------ Provided records

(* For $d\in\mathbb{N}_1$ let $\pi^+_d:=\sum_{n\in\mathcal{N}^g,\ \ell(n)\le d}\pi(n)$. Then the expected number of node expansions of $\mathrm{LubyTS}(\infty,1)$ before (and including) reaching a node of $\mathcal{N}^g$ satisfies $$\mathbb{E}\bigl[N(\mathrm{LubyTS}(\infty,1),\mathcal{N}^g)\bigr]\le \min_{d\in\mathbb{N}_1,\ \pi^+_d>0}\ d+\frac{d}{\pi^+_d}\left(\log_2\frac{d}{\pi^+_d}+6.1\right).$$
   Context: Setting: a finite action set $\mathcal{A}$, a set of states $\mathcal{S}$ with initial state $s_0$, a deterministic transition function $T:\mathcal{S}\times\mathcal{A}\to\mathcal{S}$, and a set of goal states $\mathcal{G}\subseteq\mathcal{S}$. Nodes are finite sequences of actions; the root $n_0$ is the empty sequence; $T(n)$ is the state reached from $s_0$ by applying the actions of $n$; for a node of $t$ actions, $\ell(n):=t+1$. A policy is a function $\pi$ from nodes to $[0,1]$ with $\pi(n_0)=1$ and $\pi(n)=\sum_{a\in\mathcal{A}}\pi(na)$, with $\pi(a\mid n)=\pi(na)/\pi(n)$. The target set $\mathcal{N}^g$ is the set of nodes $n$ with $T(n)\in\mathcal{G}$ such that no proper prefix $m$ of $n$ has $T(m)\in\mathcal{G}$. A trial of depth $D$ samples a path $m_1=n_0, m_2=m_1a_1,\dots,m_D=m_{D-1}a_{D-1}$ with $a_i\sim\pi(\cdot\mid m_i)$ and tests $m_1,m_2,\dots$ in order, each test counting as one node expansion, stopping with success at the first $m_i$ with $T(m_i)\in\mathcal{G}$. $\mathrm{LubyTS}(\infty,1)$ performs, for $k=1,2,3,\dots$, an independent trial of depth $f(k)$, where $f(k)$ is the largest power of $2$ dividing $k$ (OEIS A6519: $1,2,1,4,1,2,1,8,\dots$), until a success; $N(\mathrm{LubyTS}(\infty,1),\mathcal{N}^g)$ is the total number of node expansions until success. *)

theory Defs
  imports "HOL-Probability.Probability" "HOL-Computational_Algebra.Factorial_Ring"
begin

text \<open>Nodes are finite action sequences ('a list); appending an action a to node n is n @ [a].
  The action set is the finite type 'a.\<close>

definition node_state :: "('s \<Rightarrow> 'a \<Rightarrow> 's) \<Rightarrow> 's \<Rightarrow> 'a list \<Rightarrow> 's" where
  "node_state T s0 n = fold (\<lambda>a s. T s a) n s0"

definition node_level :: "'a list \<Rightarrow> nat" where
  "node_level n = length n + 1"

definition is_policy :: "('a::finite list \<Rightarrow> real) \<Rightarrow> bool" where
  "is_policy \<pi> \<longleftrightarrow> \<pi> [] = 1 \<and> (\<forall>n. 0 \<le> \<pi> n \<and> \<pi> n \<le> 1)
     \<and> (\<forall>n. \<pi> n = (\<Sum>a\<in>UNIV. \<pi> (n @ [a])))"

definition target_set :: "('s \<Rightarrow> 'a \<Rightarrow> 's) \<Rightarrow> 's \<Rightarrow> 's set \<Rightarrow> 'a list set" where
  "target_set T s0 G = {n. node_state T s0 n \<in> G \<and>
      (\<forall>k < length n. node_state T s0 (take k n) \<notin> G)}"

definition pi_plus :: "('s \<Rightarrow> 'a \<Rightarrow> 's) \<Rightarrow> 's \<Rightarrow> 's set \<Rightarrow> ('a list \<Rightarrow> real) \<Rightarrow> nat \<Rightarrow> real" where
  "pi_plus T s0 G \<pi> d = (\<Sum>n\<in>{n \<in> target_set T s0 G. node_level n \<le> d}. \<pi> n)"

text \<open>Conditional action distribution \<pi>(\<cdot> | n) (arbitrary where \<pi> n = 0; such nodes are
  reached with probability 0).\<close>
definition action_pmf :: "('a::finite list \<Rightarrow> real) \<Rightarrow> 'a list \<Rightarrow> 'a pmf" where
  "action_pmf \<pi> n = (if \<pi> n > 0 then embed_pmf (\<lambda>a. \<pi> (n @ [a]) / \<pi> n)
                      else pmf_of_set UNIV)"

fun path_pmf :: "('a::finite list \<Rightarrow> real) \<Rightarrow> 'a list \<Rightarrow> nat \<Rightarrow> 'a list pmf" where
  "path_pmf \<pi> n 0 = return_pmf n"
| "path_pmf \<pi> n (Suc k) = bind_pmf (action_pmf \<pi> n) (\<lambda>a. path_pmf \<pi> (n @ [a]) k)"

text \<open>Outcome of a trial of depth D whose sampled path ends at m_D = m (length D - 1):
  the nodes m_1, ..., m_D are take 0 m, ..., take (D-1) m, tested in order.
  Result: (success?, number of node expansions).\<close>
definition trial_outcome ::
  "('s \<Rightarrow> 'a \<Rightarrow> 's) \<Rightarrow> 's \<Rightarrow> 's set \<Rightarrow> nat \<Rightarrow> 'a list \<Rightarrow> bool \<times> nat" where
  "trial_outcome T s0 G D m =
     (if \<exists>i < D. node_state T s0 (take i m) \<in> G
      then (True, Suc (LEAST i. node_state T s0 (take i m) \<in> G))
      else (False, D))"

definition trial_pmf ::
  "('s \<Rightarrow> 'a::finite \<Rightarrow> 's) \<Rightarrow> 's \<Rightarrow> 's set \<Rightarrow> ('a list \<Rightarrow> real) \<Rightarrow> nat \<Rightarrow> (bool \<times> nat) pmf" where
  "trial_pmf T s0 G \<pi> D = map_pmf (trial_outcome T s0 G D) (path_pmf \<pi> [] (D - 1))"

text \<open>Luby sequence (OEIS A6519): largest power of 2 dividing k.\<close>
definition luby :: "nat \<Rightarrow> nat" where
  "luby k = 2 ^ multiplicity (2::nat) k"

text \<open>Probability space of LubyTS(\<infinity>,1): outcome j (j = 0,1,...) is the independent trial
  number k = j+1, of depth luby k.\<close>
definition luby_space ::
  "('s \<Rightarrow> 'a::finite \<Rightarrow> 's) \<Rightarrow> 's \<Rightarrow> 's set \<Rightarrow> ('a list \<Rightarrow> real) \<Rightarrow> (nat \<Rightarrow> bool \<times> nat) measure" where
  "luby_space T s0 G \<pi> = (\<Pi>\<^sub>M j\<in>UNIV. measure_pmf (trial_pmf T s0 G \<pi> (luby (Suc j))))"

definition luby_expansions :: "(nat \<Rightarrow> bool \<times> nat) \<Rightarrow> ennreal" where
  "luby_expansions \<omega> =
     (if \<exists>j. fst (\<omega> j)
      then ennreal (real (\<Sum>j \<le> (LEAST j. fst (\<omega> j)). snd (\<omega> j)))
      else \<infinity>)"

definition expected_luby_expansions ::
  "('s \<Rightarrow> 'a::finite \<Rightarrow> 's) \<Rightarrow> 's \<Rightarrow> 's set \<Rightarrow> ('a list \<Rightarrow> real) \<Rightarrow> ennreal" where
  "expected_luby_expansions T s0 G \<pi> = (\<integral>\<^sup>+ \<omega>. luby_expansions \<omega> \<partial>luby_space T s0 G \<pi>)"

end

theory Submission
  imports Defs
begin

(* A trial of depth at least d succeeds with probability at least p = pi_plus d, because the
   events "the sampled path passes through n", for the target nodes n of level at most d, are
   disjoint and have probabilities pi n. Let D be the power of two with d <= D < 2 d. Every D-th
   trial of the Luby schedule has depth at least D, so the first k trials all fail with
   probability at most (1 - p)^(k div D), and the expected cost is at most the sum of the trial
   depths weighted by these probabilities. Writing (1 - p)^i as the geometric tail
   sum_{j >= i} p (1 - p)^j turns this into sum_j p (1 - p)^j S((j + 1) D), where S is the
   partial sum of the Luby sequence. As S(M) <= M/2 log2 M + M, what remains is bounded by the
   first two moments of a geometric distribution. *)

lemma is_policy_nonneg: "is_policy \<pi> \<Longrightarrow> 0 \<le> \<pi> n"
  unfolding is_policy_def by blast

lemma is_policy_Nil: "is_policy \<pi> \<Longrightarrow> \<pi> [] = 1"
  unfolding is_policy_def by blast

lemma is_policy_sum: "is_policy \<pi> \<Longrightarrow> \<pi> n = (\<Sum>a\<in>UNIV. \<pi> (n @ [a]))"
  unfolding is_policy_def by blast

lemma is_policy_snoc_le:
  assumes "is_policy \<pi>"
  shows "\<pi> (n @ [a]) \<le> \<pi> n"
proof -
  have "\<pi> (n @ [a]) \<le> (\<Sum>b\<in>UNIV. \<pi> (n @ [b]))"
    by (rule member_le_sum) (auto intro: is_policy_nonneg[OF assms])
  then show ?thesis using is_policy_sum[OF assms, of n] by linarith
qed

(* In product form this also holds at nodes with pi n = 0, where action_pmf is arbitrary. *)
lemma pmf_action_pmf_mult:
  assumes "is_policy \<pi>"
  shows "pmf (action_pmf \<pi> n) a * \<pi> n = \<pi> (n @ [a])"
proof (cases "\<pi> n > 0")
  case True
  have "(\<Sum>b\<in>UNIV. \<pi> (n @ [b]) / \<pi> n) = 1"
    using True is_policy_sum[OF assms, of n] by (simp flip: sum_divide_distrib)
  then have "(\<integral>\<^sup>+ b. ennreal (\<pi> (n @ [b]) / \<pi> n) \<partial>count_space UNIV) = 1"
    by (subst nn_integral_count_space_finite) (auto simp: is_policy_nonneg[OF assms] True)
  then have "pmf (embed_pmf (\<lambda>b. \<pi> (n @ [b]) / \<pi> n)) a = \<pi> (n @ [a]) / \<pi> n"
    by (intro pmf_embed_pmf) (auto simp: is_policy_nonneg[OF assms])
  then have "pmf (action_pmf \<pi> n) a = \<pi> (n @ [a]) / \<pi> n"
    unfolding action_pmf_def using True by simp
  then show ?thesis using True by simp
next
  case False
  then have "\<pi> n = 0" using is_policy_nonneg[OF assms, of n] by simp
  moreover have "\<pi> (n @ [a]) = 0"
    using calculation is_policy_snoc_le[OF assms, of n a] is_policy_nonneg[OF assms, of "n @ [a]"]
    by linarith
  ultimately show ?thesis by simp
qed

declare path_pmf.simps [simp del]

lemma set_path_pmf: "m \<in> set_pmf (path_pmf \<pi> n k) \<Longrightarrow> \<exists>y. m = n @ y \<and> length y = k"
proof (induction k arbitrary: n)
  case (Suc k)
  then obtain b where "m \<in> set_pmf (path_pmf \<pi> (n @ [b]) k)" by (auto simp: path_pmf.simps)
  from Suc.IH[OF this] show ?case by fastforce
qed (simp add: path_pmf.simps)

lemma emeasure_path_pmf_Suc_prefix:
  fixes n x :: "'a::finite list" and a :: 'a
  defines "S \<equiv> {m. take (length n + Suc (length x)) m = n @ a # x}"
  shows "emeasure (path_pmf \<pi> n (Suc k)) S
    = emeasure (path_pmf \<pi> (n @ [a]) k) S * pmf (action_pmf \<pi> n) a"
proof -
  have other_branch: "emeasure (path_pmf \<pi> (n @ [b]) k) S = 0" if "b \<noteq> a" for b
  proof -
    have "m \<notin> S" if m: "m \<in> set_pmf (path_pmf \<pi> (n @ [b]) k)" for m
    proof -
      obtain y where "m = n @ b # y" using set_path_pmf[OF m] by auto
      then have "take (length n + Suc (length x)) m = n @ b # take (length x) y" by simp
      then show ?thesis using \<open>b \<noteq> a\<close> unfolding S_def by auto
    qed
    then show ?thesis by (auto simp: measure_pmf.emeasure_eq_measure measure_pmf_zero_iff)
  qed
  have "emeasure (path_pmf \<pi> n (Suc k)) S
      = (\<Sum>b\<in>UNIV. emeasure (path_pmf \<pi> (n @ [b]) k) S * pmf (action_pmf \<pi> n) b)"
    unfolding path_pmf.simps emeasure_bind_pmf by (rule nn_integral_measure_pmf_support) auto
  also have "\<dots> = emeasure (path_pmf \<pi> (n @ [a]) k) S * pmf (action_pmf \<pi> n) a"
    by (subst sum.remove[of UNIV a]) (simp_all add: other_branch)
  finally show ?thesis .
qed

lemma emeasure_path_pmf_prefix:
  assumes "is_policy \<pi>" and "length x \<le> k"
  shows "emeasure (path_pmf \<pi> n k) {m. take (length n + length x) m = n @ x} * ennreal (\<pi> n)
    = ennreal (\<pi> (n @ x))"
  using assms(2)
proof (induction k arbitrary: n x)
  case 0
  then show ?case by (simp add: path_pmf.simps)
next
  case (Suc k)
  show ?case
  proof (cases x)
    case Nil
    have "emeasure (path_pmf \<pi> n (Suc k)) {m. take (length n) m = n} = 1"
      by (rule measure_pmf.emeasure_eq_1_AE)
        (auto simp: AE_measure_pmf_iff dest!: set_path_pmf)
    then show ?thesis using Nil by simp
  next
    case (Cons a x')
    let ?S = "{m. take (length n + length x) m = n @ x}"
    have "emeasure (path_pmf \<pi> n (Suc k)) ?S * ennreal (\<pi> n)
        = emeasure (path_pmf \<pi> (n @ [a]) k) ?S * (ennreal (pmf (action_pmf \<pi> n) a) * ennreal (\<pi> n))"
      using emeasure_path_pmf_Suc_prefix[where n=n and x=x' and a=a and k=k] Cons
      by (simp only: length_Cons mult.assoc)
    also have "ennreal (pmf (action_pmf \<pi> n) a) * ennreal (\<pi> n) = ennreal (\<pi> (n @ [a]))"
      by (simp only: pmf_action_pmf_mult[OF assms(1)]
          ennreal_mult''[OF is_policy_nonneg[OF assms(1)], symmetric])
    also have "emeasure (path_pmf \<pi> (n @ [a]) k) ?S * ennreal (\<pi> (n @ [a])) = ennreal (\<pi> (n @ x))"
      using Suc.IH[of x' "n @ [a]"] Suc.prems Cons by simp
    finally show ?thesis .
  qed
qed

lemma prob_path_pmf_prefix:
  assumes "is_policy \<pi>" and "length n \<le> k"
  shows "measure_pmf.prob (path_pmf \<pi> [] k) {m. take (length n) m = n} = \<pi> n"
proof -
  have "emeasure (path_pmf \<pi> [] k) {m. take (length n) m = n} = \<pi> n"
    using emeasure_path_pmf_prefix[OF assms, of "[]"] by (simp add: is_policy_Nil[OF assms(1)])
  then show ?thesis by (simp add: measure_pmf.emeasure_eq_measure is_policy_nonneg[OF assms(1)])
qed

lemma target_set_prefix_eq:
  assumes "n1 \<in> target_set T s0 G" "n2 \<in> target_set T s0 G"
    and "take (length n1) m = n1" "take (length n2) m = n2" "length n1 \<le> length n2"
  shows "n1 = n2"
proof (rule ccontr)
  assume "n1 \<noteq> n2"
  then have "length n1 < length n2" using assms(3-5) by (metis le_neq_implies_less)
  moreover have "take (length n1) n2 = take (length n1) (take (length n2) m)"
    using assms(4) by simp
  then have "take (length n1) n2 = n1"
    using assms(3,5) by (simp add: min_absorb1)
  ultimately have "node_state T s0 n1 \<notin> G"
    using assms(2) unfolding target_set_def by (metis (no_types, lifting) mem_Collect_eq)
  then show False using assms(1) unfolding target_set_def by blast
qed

------------
------ Provided records

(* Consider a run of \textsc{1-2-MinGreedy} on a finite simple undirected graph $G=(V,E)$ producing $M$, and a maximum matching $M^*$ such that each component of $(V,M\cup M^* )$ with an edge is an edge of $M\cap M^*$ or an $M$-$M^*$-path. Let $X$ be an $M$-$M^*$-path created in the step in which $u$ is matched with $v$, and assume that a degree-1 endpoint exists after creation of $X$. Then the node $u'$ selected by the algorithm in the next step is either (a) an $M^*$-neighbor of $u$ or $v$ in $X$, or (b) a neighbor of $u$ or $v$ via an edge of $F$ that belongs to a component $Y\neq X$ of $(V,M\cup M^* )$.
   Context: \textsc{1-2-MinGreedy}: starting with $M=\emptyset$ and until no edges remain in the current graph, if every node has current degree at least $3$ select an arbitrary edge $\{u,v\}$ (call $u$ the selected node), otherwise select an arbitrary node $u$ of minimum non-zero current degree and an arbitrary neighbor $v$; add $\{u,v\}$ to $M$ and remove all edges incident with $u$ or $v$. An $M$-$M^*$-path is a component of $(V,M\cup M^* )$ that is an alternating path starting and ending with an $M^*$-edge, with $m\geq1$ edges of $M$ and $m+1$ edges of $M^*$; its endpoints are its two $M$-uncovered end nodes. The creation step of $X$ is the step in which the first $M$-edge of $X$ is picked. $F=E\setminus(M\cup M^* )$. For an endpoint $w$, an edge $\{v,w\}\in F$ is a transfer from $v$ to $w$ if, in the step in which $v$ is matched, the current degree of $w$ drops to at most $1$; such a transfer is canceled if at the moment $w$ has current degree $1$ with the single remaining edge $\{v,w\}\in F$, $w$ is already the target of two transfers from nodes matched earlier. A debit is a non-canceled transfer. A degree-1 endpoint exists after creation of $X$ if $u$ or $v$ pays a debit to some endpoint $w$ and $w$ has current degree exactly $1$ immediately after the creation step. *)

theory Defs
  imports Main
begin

------------

■ Problem details
Above are the lines; repeat exactly the ones from the line containing "depths weighted by" down to the line containing "partial sum of", both inclusive.

■ Result of the task
   depths weighted by these probabilities. Writing (1 - p)^i as the geometric tail
   sum_{j >= i} p (1 - p)^j turns this into sum_j p (1 - p)^j S((j + 1) D), where S is the
   partial sum of the Luby sequence. As S(M) <= M/2 log2 M + M, what remains is bounded by the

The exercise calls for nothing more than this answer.